▶ _RECORDS SHOWN_:
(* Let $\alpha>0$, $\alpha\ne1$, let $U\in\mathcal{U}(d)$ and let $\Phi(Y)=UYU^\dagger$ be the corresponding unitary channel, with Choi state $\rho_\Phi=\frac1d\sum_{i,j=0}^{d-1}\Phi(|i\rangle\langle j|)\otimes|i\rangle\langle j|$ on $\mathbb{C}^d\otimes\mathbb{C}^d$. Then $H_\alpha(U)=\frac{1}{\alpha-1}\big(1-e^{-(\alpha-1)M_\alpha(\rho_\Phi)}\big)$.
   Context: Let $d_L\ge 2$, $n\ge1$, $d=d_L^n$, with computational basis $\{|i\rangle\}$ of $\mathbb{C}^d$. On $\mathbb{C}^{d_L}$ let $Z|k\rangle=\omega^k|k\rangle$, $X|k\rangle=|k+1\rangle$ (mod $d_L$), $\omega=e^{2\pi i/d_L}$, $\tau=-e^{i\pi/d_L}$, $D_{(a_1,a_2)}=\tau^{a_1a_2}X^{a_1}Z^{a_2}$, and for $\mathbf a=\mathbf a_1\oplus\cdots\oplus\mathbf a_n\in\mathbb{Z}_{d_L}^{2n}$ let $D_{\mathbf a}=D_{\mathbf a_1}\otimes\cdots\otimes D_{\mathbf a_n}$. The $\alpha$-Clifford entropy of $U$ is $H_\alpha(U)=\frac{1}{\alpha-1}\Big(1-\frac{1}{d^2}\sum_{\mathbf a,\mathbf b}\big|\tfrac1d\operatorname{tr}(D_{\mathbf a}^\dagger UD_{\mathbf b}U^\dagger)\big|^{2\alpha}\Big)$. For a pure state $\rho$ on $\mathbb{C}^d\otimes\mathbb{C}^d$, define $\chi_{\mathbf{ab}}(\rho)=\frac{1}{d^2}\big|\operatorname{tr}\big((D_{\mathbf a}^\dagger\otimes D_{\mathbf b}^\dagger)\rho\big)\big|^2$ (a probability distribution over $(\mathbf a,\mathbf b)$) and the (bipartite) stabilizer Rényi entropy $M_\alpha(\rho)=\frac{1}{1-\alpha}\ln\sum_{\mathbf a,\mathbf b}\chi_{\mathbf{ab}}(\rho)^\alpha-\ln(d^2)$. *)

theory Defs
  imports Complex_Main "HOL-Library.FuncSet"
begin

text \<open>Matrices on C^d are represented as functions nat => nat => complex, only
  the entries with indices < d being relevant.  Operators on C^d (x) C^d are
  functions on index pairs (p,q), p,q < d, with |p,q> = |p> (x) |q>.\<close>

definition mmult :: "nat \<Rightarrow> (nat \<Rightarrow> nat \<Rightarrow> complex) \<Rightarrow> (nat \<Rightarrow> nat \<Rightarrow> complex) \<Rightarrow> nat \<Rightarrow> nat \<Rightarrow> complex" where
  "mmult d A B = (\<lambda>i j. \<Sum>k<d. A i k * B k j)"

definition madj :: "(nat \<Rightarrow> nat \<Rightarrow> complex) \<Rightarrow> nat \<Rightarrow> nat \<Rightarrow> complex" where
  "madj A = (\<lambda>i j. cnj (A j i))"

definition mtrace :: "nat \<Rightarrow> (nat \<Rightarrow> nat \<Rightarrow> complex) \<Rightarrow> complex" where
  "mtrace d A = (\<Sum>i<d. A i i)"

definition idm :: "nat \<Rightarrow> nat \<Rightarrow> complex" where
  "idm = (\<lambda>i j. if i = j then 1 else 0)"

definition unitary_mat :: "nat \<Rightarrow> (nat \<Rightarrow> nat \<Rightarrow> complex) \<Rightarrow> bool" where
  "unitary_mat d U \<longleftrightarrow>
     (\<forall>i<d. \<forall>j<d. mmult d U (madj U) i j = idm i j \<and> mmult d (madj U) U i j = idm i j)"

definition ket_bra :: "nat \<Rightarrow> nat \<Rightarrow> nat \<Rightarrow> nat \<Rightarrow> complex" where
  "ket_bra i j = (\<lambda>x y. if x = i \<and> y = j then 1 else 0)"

---

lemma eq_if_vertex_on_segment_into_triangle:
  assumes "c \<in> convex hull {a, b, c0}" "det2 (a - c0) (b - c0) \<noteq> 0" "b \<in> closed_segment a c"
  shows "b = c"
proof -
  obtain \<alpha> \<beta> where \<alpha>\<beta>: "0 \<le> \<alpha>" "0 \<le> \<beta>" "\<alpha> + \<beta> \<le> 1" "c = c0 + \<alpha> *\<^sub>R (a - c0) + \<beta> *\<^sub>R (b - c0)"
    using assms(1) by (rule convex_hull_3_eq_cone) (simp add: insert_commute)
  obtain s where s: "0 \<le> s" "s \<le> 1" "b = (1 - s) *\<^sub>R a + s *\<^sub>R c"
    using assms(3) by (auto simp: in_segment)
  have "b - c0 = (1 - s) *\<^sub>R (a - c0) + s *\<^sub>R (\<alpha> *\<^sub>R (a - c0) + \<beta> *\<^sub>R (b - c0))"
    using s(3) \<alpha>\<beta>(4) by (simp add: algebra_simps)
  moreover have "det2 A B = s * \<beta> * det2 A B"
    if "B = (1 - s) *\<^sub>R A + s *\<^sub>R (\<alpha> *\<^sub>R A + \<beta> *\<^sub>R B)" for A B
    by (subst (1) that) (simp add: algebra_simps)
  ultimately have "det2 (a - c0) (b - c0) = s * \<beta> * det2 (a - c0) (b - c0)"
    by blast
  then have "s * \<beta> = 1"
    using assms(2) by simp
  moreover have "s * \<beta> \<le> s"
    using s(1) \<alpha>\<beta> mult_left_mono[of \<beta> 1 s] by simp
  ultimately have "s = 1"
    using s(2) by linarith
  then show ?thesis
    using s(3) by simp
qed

▶ _WORK TASK_: Wherever a line in the entries above holds "have", copy that line.

▶ _YOUR RESPONSE_:
  have "b - c0 = (1 - s) *\<^sub>R (a - c0) + s *\<^sub>R (\<alpha> *\<^sub>R (a - c0) + \<beta> *\<^sub>R (b - c0))"
  moreover have "det2 A B = s * \<beta> * det2 A B"
  ultimately have "det2 (a - c0) (b - c0) = s * \<beta> * det2 (a - c0) (b - c0)"
  then have "s * \<beta> = 1"
  moreover have "s * \<beta> \<le> s"
  ultimately have "s = 1"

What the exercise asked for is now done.